- Promotional release poster
- Directed by: José Guerrero Urzúa
- Written by: José Guerrero Urzúa
- Produced by: Jhon Aguiño José Guerrero Urzúa Patricio Morales Pinto Sandra Cárcamo Sebastián König Besa
- Cinematography: Nicolás Castillo Mazu
- Edited by: Bárbara Mellado Piña
- Music by: Luis Abarca Carvajal
- Production company: Palimpsesto Films
- Release date: August 14, 2021 (Fort Smith International Film Festival);
- Running time: 95 minutes
- Country: Chile
- Language: Spanish

= Three Souls =

Three Souls (Spanish: Tres almas) is a 2021 Chilean Western drama film written and directed by José Guerrero Urzúa. It is about 3 pirquineros that will come to mind a common memory regarding the tragedy that occurred in the high Atacama mountain range. It is the second film that tells the story of the Quispe sisters after The Quispe Girls (2013).

The film was named on the shortlist for Chilean's entry for the Academy Award for Best International Feature Film at the 94th Academy Awards, but it was not selected.

== Synopsis ==
On December 3, 2000, three pirquineros rode horses to a long-awaited gold vein located in the high Atacama mountain range.

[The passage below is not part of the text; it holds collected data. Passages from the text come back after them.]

(* For every prime $p\equiv 2 \pmod 3$, \begin{align*} \sum_{k=0}^{(p+1)/3}(6k-1)(18k^2-6k+1)\frac{(-1/3)^4_k}{k!^4}\equiv0\pmod{p^4}. \end{align*}
   Context: $(x)_0=1$ and $(x)_k=x(x+1)\cdots(x+k-1)$ is the Pochhammer symbol; $(x)_k^4$ means $((x)_k)^4$. The congruence of rational numbers modulo $p^4$ means the difference, written in lowest terms, has numerator divisible by $p^4$ and denominator not divisible by $p$. *)

theory Defs
  imports Complex_Main "HOL-Computational_Algebra.Primes"
begin

definition rat_cong_zero_mod_ppow :: "rat \<Rightarrow> int \<Rightarrow> nat \<Rightarrow> bool" where
  "rat_cong_zero_mod_ppow x p e =
     (let (a, b) = quotient_of x in p ^ e dvd a \<and> \<not> p dvd b)"

end

theory Submission
  imports Defs
begin

text \<open>Since (6m - 1)(18m^2 - 6m + 1)/81 = m^4 - (m - 1/3)^4, the k-th summand is
  u(k - 1) - u(k) with u(k) = ((2/3)_k / k!)^4, so the sum telescopes to
  -((2/3)_n / n!)^4 = -(\<Prod>i<n. 2 + 3i)^4 / (3^n n!)^4.
  For n = (p + 1)/3 the last factor of the product is 3(n - 1) + 2 = p, whereas
  3^n n! is prime to p because p \<noteq> 3 and n < p.\<close>

lemma quartic_difference:
  fixes m :: "'a::field_char_0"
  shows "(6 * m - 1) * (18 * m^2 - 6 * m + 1) / 81 = m^4 - (m - 1/3)^4"
  by (simp add: field_simps power2_eq_square power4_eq_xxxx)

lemma sum_quartic_pochhammer_telescope:
  "(\<Sum>k = 0..n.
      (6 * of_nat k - 1) * (18 * (of_nat k)^2 - 6 * of_nat k + 1)
      * (pochhammer (-1/3 :: 'a::field_char_0) k) ^ 4 / (of_nat (fact k)) ^ 4)
   = - ((pochhammer (2/3) n)^4 / (of_nat (fact n))^4)"
proof (induction n)
  case 0
  show ?case by simp
next
  case (Suc n)
  define P where "P = pochhammer (2/3 :: 'a) n"
  define F where "F = (of_nat (fact n) :: 'a)"
  define m where "m = (of_nat (Suc n) :: 'a)"
  have "F \<noteq> 0"
    unfolding F_def by simp
  have "m \<noteq> 0"
    unfolding m_def by (rule of_nat_neq_0)
  have "- (P^4 / F^4) + (6 * m - 1) * (18 * m^2 - 6 * m + 1) * (- P / 3)^4 / (m * F)^4
      = P^4 / (m * F)^4 * ((6 * m - 1) * (18 * m^2 - 6 * m + 1) / 81 - m^4)"
    using \<open>F \<noteq> 0\<close> \<open>m \<noteq> 0\<close> by (simp add: field_simps)
  also have "\<dots> = - ((P * (m - 1/3))^4 / (m * F)^4)"
    unfolding quartic_difference by (simp add: power_mult_distrib)
  finally have step: "- (P^4 / F^4) + (6 * m - 1) * (18 * m^2 - 6 * m + 1) * (- P / 3)^4 / (m * F)^4
      = - ((P * (m - 1/3))^4 / (m * F)^4)" .
  have "pochhammer (-1/3 :: 'a) (Suc n) = - P / 3"
    unfolding P_def by (simp add: pochhammer_rec)
  moreover have "pochhammer (2/3 :: 'a) (Suc n) = P * (m - 1/3)"
    unfolding P_def m_def by (simp add: pochhammer_Suc)
  moreover have "(of_nat (fact (Suc n)) :: 'a) = m * F"
    unfolding F_def m_def by (simp add: algebra_simps)
  ultimately show ?case
    using Suc.IH step by (simp only: sum.atLeast0_atMost_Suc P_def F_def m_def)
qed

lemma pochhammer_of_int_divide:
  fixes a b :: int
  assumes "b \<noteq> 0"
  shows "pochhammer (of_int a / of_int b :: 'a::field_char_0) n
    = of_int (\<Prod>i<n. a + b * int i) / of_int b ^ n"
proof (induction n)
  case 0
  show ?case by simp
next
  case (Suc n)
  with assms show ?case
    by (simp add: pochhammer_Suc field_simps)
qed

lemma dvd_prod_two_add_three_mul:
  assumes "p mod 3 = 2"
  shows "int p dvd (\<Prod>i<(p + 1) div 3. 2 + 3 * int i)"
proof -
  have "3 * ((p + 1) div 3) = p + 1"
    using assms by presburger
  then show ?thesis
    by (intro dvd_prod_eqI[where a = "(p + 1) div 3 - 1"]) auto
qed

lemma prime_not_dvd_power_mult_fact:
  fixes p q n :: nat
  assumes "prime p" "\<not> p dvd q" "n < p"
  shows "\<not> p dvd q ^ n * fact n"
  using assms by (auto simp: prime_dvd_mult_iff prime_dvd_fact_iff dest: prime_dvd_power)

lemma rat_cong_zero_mod_ppow_of_int_divide:
  fixes a b p :: int
  assumes "prime p" "p ^ e dvd a" "\<not> p dvd b"
  shows "rat_cong_zero_mod_ppow (of_int a / of_int b) p e"
proof -
  obtain a' b' where q: "quotient_of (of_int a / of_int b) = (a', b')"
    by (cases "quotient_of (of_int a / of_int b)")
  have "b \<noteq> 0"
    using assms(3) by auto
  have "b' > 0" "coprime a' b'"
    using quotient_of_denom_pos[OF q] quotient_of_coprime[OF q] by simp_all
  have "(of_int a' :: rat) * of_int b = of_int a * of_int b'"
    using quotient_of_div[OF q] \<open>b \<noteq> 0\<close> \<open>b' > 0\<close> by (simp add: field_simps)
  then have cross: "a' * b = a * b'"
    by (metis of_int_eq_iff of_int_mult)
  have "coprime (p ^ e) b"
    using assms(1,3) by (simp add: prime_imp_coprime)
  moreover have "p ^ e dvd a' * b"
    using cross assms(2) by simp
  ultimately have "p ^ e dvd a'"
    using coprime_dvd_mult_left_iff by blast
  have "b' dvd a' * b"
    using cross by simp
  then have "b' dvd b"
    using \<open>coprime a' b'\<close> coprime_dvd_mult_right_iff coprime_commute by blast
  then have "\<not> p dvd b'"
    using assms(3) dvd_trans by blast
  with \<open>p ^ e dvd a'\<close> q show ?thesis
    unfolding rat_cong_zero_mod_ppow_def by simp
qed

theorem mainTheorem6:
  fixes p :: nat
  assumes "prime p" and "p mod 3 = 2"
  shows "rat_cong_zero_mod_ppow
           (\<Sum>k = 0..(p + 1) div 3.
              (6 * of_nat k - 1) * (18 * (of_nat k)^2 - 6 * of_nat k + 1)
              * (pochhammer (-1/3 :: rat) k) ^ 4 / (of_nat (fact k)) ^ 4)
           (int p) 4"
proof -
  define n where "n = (p + 1) div 3"
  define A where "A = (\<Prod>i<n. 2 + 3 * int i)"
  define B where "B = (3 ^ n * fact n :: nat)"
  have "int p dvd A"
    using dvd_prod_two_add_three_mul[OF assms(2)] by (simp add: A_def n_def)
  then have numerator: "int p ^ 4 dvd - (A ^ 4)"
    by simp
  have "\<not> p dvd 3"
    using assms primes_dvd_imp_eq[of p 3] by auto
  then have "\<not> p dvd B"
    unfolding B_def using assms
    by (intro prime_not_dvd_power_mult_fact) (auto simp: n_def)
  then have denominator: "\<not> int p dvd int B ^ 4"
    using assms(1) by (metis of_nat_power int_dvd_int_iff prime_dvd_power)
  have "- ((pochhammer (2/3) n)^4 / (of_nat (fact n))^4) = (of_int (- (A ^ 4)) / of_int (int B ^ 4) :: rat)"
    using pochhammer_of_int_divide[of 3 2 n, where ?'a = rat]
    by (simp add: A_def B_def power_mult_distrib power_divide)
  moreover have "rat_cong_zero_mod_ppow (of_int (- (A ^ 4)) / of_int (int B ^ 4)) (int p) 4"
    using assms(1) numerator denominator by (intro rat_cong_zero_mod_ppow_of_int_divide) simp_all
  ultimately show ?thesis
    by (simp only: sum_quartic_pochhammer_telescope n_def)
qed

end
(* Let $(\phi_t)_{t\ge0}$ be a semigroup of holomorphic self-maps of $\mathbb D$ such that each $\phi_t$, $t>0$, is parabolic. If there exists $t_0>0$ such that $\phi_{t_0}$ is of zero hyperbolic step, then $\phi_t$ is of zero hyperbolic step for all $t>0$.
   Context: $\mathbb D$ is the open unit disk and $\rho_{\mathbb D}$ its hyperbolic distance. A semigroup of holomorphic functions is a family $(\phi_t)_{t\ge0}$ of holomorphic self-maps of $\mathbb D$ with $\phi_0=\mathrm{id}_{\mathbb D}$, $\phi_{t+s}=\phi_t\circ\phi_s$ for all $t,s\ge0$, and $\phi_t(z)\to z$ as $t\to0$ uniformly on compact subsets of $\mathbb D$. A holomorphic self-map $\phi$ of $\mathbb D$ is parabolic if it has no fixed point in $\mathbb D$ and its Denjoy–Wolff point $\tau\in\partial\mathbb D$ (the boundary point to which the iterates converge locally uniformly) satisfies $\phi'(\tau)=1$ (angular derivative). $\phi$ is of zero hyperbolic step if for some (equivalently every) $z_0\in\mathbb D$ the orbit $z_n=\phi^{\circ n}(z_0)$ satisfies $\lim_{n\to\infty}\rho_{\mathbb D}(z_n,z_{n+1})=0$. *)

theory Defs
  imports "HOL-Complex_Analysis.Complex_Analysis"
begin

definition unit_disc :: "complex set" where
  "unit_disc = ball 0 1"

definition hyp_dist :: "complex \<Rightarrow> complex \<Rightarrow> real" where
  "hyp_dist z w = artanh (cmod (z - w) / cmod (1 - cnj w * z))"

definition holo_self_map :: "(complex \<Rightarrow> complex) \<Rightarrow> bool" where
  "holo_self_map f \<longleftrightarrow> f holomorphic_on unit_disc \<and> f ` unit_disc \<subseteq> unit_disc"

definition holo_semigroup :: "(real \<Rightarrow> complex \<Rightarrow> complex) \<Rightarrow> bool" where
  "holo_semigroup phi \<longleftrightarrow>
     (\<forall>t\<ge>0. holo_self_map (phi t)) \<and>
     (\<forall>z\<in>unit_disc. phi 0 z = z) \<and>
     (\<forall>t\<ge>0. \<forall>s\<ge>0. \<forall>z\<in>unit_disc. phi (t + s) z = phi t (phi s z)) \<and>
     (\<forall>K. compact K \<and> K \<subseteq> unit_disc \<longrightarrow>
        uniform_limit K phi (\<lambda>z. z) (at_right 0))"

definition stolz_angle :: "complex \<Rightarrow> real \<Rightarrow> complex set" where
  "stolz_angle tau M = {z \<in> unit_disc. cmod (tau - z) < M * (1 - cmod z)}"

definition angular_limit :: "(complex \<Rightarrow> complex) \<Rightarrow> complex \<Rightarrow> complex \<Rightarrow> bool" where
  "angular_limit f tau L \<longleftrightarrow>
     (\<forall>M>1. (f \<longlongrightarrow> L) (at tau within stolz_angle tau M))"

definition boundary_DW_point :: "(complex \<Rightarrow> complex) \<Rightarrow> complex \<Rightarrow> bool" where
  "boundary_DW_point f tau \<longleftrightarrow> cmod tau = 1 \<and>
     (\<forall>K. compact K \<and> K \<subseteq> unit_disc \<longrightarrow>
        uniform_limit K (\<lambda>n. (f ^^ n)) (\<lambda>_. tau) sequentially)"

definition angular_derivative :: "(complex \<Rightarrow> complex) \<Rightarrow> complex \<Rightarrow> complex \<Rightarrow> bool" where
  "angular_derivative f tau c \<longleftrightarrow>
     angular_limit f tau tau \<and> angular_limit (\<lambda>z. (f z - tau) / (z - tau)) tau c"

definition parabolic :: "(complex \<Rightarrow> complex) \<Rightarrow> bool" where
  "parabolic f \<longleftrightarrow> holo_self_map f \<and> (\<forall>z\<in>unit_disc. f z \<noteq> z) \<and>
     (\<exists>tau. boundary_DW_point f tau \<and> angular_derivative f tau 1)"

definition zero_hyp_step :: "(complex \<Rightarrow> complex) \<Rightarrow> bool" where
  "zero_hyp_step f \<longleftrightarrow> (\<exists>z0\<in>unit_disc.
     (\<lambda>n. hyp_dist ((f ^^ n) z0) ((f ^^ Suc n) z0)) \<longlonglongrightarrow> 0)"

end

theory Submission
  imports Defs
begin

text \<open>Map the disc to the upper half-plane by the Cayley transform C sending the common
  Denjoy-Wolff point \<tau> to infinity (common, because orbits staying at bounded hyperbolic distance
  from each other converge to the same boundary point). By Julia's lemma every phi_v raises the
  height Im C, so the displacement D_v(x) = C(phi_v x) - C(x) is holomorphic with values in the
  closed upper half-plane, and the hyperbolic steps of phi_v tend to 0 exactly when
  |D_v| = o(Im C). Harnack's inequality for D_a between x and phi_b x makes v \<mapsto> D_v(x) additive
  up to an error O(|D_t0(x)|) for v \<le> t0. Splitting [0, t0] into short pieces, on which D is small
  by continuity of the semigroup, gives |D_v| = o(Im C) along the orbit of phi_t0 for all v \<le> t0;
  Schwarz-Pick passes from that discrete orbit to the whole trajectory, and the relative
  displacement is subadditive in v, which reaches all v > 0.\<close>

definition pseudo_hyp_dist :: "complex \<Rightarrow> complex \<Rightarrow> real" where
  "pseudo_hyp_dist a b = cmod (a - b) / cmod (1 - cnj b * a)"

lemma hyp_dist_eq_artanh: "hyp_dist a b = artanh (pseudo_hyp_dist a b)"
  by (simp add: hyp_dist_def pseudo_hyp_dist_def)

lemma one_minus_cnj_mult_nonzero:
  assumes "cmod a < 1" "cmod b < 1"
  shows "1 - cnj b * a \<noteq> 0"
proof
  assume "1 - cnj b * a = 0"
  then have "cmod b * cmod a = 1" by (metis complex_mod_cnj norm_mult norm_one eq_iff_diff_eq_0)
  moreover have "cmod b * cmod a < 1" using assms
    by (metis mult_strict_mono' norm_ge_zero mult_1_right)
  ultimately show False by simp
qed

lemma one_minus_pseudo_hyp_dist_power2:
  assumes "cmod a < 1" "cmod b < 1"
  shows "1 - (pseudo_hyp_dist a b)^2
    = (1 - (cmod a)^2) * (1 - (cmod b)^2) / (cmod (1 - cnj b * a))^2"
proof -
  have "(cmod (1 - cnj b * a))^2 - (cmod (a - b))^2 = (1 - (cmod a)^2) * (1 - (cmod b)^2)"
    unfolding cmod_power2 by (simp add: power2_eq_square algebra_simps)
  then show ?thesis using one_minus_cnj_mult_nonzero[OF assms]
    by (simp add: pseudo_hyp_dist_def power_divide field_simps)
qed

lemma pseudo_hyp_dist_nonneg: "pseudo_hyp_dist a b \<ge> 0"
  by (simp add: pseudo_hyp_dist_def)

lemma pseudo_hyp_dist_self [simp]: "pseudo_hyp_dist a a = 0"
  by (simp add: pseudo_hyp_dist_def)

lemma pseudo_hyp_dist_commute: "pseudo_hyp_dist a b = pseudo_hyp_dist b a"
proof -
  have "cmod (1 - cnj b * a) = cmod (1 - cnj a * b)"
    by (metis complex_cnj_cnj complex_cnj_diff complex_cnj_mult complex_cnj_one complex_mod_cnj
        mult.commute)
  then show ?thesis by (simp add: pseudo_hyp_dist_def norm_minus_commute)
qed

lemma pseudo_hyp_dist_less_1:
  assumes "cmod a < 1" "cmod b < 1"
  shows "pseudo_hyp_dist a b < 1"
proof -
  have "(cmod a)^2 < 1" "(cmod b)^2 < 1" using assms by (simp_all add: abs_square_less_1)
  moreover have "(cmod (1 - cnj b * a))^2 > 0" using one_minus_cnj_mult_nonzero[OF assms] by simp
  ultimately have "1 - (pseudo_hyp_dist a b)^2 > 0"
    using one_minus_pseudo_hyp_dist_power2[OF assms] by simp
  then have "(pseudo_hyp_dist a b)^2 < 1" by simp
  then show ?thesis using pseudo_hyp_dist_nonneg by (simp add: abs_square_less_1)
qed

lemma tendsto_pseudo_hyp_dist_0:
  assumes "cmod z < 1" and "(g \<longlongrightarrow> z) F"
  shows "((\<lambda>s. pseudo_hyp_dist z (g s)) \<longlongrightarrow> 0) F"
proof -
  have "1 - cnj z * z \<noteq> 0" using one_minus_cnj_mult_nonzero[OF assms(1) assms(1)] .
  then have "((\<lambda>s. cmod (z - g s) / cmod (1 - cnj (g s) * z)) \<longlongrightarrow> cmod (z - z) / cmod (1 - cnj z * z)) F"
    by (intro tendsto_intros assms(2)) auto
  then show ?thesis by (simp add: pseudo_hyp_dist_def)
qed

lemma tanh_artanh_real:
  assumes "\<bar>p\<bar> < (1::real)"
  shows "tanh (artanh p) = p"
proof -
  have p1: "1 + p > 0" "1 - p > 0" using assms by auto
  have "exp (- 2 * artanh p) = exp (- ln ((1 + p) / (1 - p)))" by (simp add: artanh_def)
  also have "\<dots> = (1 - p) / (1 + p)" using p1 by (simp add: exp_minus)
  finally have e: "exp (- 2 * artanh p) = (1 - p) / (1 + p)" .
  show ?thesis unfolding tanh_real_altdef e using p1 by (simp add: field_simps)
qed

lemma tendsto_hyp_dist_0_iff:
  assumes "\<And>n. a n \<in> unit_disc" "\<And>n. b n \<in> unit_disc"
  shows "(\<lambda>n. hyp_dist (a n) (b n)) \<longlonglongrightarrow> 0 \<longleftrightarrow> (\<lambda>n. pseudo_hyp_dist (a n) (b n)) \<longlonglongrightarrow> 0"
proof
  assume "(\<lambda>n. hyp_dist (a n) (b n)) \<longlonglongrightarrow> 0"
  then have "(\<lambda>n. tanh (artanh (pseudo_hyp_dist (a n) (b n)))) \<longlonglongrightarrow> tanh 0"
    unfolding hyp_dist_eq_artanh by (intro tendsto_intros) auto
  moreover have "tanh (artanh (pseudo_hyp_dist (a n) (b n))) = pseudo_hyp_dist (a n) (b n)" for n
    using assms pseudo_hyp_dist_less_1 pseudo_hyp_dist_nonneg
    by (intro tanh_artanh_real) (auto simp: unit_disc_def)
  ultimately show "(\<lambda>n. pseudo_hyp_dist (a n) (b n)) \<longlonglongrightarrow> 0" by simp
next
  assume "(\<lambda>n. pseudo_hyp_dist (a n) (b n)) \<longlonglongrightarrow> 0"
  then have "(\<lambda>n. artanh (pseudo_hyp_dist (a n) (b n))) \<longlonglongrightarrow> artanh 0"
    by (intro tendsto_intros) auto
  then show "(\<lambda>n. hyp_dist (a n) (b n)) \<longlonglongrightarrow> 0" by (simp add: hyp_dist_eq_artanh)
qed

lemma holo_self_map_norm_less_1:
  "holo_self_map f \<Longrightarrow> z \<in> unit_disc \<Longrightarrow> cmod (f z) < 1"
  by (auto simp: holo_self_map_def unit_disc_def image_subset_iff)

lemma Schwarz_Pick:
  assumes f: "holo_self_map f" and a: "a \<in> unit_disc" and b: "b \<in> unit_disc"
  shows "pseudo_hyp_dist (f a) (f b) \<le> pseudo_hyp_dist a b"
proof -
  have hf: "f holomorphic_on ball 0 1" and mf: "f ` ball 0 1 \<subseteq> ball 0 1"
    using f by (auto simp: holo_self_map_def unit_disc_def)
  have na: "cmod a < 1" and nb: "cmod b < 1" using a b by (auto simp: unit_disc_def)
  have nfa: "cmod (f a) < 1" using mf na by (metis image_subset_iff mem_ball_0)
  define g where "g = Moebius_function 0 (f a) \<circ> f \<circ> Moebius_function 0 (-a)"
  have m1: "Moebius_function 0 (-a) ` ball 0 1 \<subseteq> ball 0 1"
    using Moebius_function_norm_lt_1 na by auto
  have "Moebius_function 0 (f a) \<circ> f holomorphic_on ball 0 1"
    using holomorphic_on_compose_gen[OF hf Moebius_function_holomorphic[OF nfa] mf] .
  then have hg: "g holomorphic_on ball 0 1" unfolding g_def
    using holomorphic_on_compose_gen[OF Moebius_function_holomorphic[of "-a"] _ m1] na by simp
  have g0: "g 0 = 0" by (simp add: g_def Moebius_function_def)
  have gno: "cmod (g z) < 1" if "cmod z < 1" for z
  proof -
    have "cmod (Moebius_function 0 (-a) z) < 1" using Moebius_function_norm_lt_1 na that by simp
    then have "cmod (f (Moebius_function 0 (-a) z)) < 1" using mf by (auto simp: image_subset_iff)
    then show ?thesis unfolding g_def using Moebius_function_norm_lt_1 nfa by simp
  qed
  define \<xi> where "\<xi> = Moebius_function 0 a b"
  have "cmod \<xi> < 1" unfolding \<xi>_def using Moebius_function_norm_lt_1 na nb by simp
  then have "cmod (g \<xi>) \<le> cmod \<xi>" using Schwarz_Lemma(1)[OF hg g0 gno] by simp
  moreover have "Moebius_function 0 (-a) \<xi> = b"
    unfolding \<xi>_def using Moebius_function_compose[of "-a" a b] na nb by simp
  ultimately have "cmod (Moebius_function 0 (f a) (f b)) \<le> cmod (Moebius_function 0 a b)"
    unfolding g_def \<xi>_def by simp
  then have "pseudo_hyp_dist (f b) (f a) \<le> pseudo_hyp_dist b a"
    by (simp add: Moebius_function_def pseudo_hyp_dist_def norm_divide)
  then show ?thesis by (simp add: pseudo_hyp_dist_commute)
qed

definition cayley :: "complex \<Rightarrow> complex \<Rightarrow> complex" where
  "cayley \<tau> z = \<i> * (\<tau> + z) / (\<tau> - z)"

definition cayley_inv :: "complex \<Rightarrow> complex \<Rightarrow> complex" where
  "cayley_inv \<tau> X = \<tau> * (X - \<i>) / (X + \<i>)"

lemma boundary_point_minus_nonzero:
  assumes "cmod \<tau> = 1" "cmod z < 1"
  shows "\<tau> - z \<noteq> 0"
  using assms by auto

lemma norm_one_minus_cnj_boundary_mult:
  assumes "cmod \<tau> = 1"
  shows "cmod (1 - cnj \<tau> * w) = cmod (\<tau> - w)"
proof -
  have "cnj \<tau> * \<tau> = 1"
    using assms by (metis complex_norm_square mult.commute norm_one power_one of_real_1)
  then have "1 - cnj \<tau> * w = cnj \<tau> * (\<tau> - w)" by (simp add: algebra_simps)
  then show ?thesis using assms by (simp add: norm_mult)
qed

lemma Im_cayley:
  assumes t: "cmod \<tau> = 1" and z: "cmod z < 1"
  shows "Im (cayley \<tau> z) = (1 - (cmod z)^2) / (cmod (\<tau> - z))^2"
proof -
  have ne: "cnj (\<tau> - z) \<noteq> 0" using boundary_point_minus_nonzero[OF t z] by simp
  have tt: "(Re \<tau>)^2 + (Im \<tau>)^2 = 1" using t by (metis cmod_power2 power_one)
  have "cayley \<tau> z = \<i> * ((\<tau> + z) * cnj (\<tau> - z)) / ((\<tau> - z) * cnj (\<tau> - z))"
    using ne by (simp add: cayley_def)
  then have "cayley \<tau> z = \<i> * ((\<tau> + z) * cnj (\<tau> - z)) / ((cmod (\<tau> - z))^2)"
    by (simp only: complex_norm_square)
  then have "Im (cayley \<tau> z) = Re ((\<tau> + z) * cnj (\<tau> - z)) / ((cmod (\<tau> - z))^2)"
    by (simp add: Im_divide_of_real[symmetric] del: Im_divide_of_real)
  also have "Re ((\<tau> + z) * cnj (\<tau> - z)) = 1 - (cmod z)^2"
    using tt unfolding cmod_power2 by (simp add: power2_eq_square algebra_simps)
  finally show ?thesis .
qed

lemma Im_cayley_pos:
  assumes "cmod \<tau> = 1" and "cmod z < 1"
  shows "Im (cayley \<tau> z) > 0"
proof -
  have "(cmod z)^2 < 1" using assms by (simp add: abs_square_less_1)
  moreover have "cmod (\<tau> - z) > 0" using boundary_point_minus_nonzero[OF assms] by simp
  ultimately show ?thesis using Im_cayley[OF assms] by simp
qed

lemma holomorphic_on_cayley:
  assumes "cmod \<tau> = 1"
  shows "cayley \<tau> holomorphic_on unit_disc"
  unfolding cayley_def
proof (intro holomorphic_intros)
  fix z assume "z \<in> unit_disc"
  then show "\<tau> - z \<noteq> 0" using boundary_point_minus_nonzero[OF assms] by (simp add: unit_disc_def)
qed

Upon arriving at the place, they set up a camp in the area where the tragedy occurred with the Quispe sisters in December 1974, from there traumatic, violent and macabre memories related to that event will emerge in their heads.

== Cast ==
The actors participating in this film are:

- Daniela Milla
- Ermelinda Milla
- Paolo Segura
- Sandra Cárcamo
- Alfredo Poblete
- Gonzalo Jara
- Danilo Palacios
- Claudio Pérez

== Production ==
Principal photography began in March 2019 in Atacama, Chile.

== Release ==
Three Souls had its world premiere on August 14, 2021, at the Fort Smith International Film Festival, then it was screened in September of the same year at the 12th Cinefantasy International Film Festival.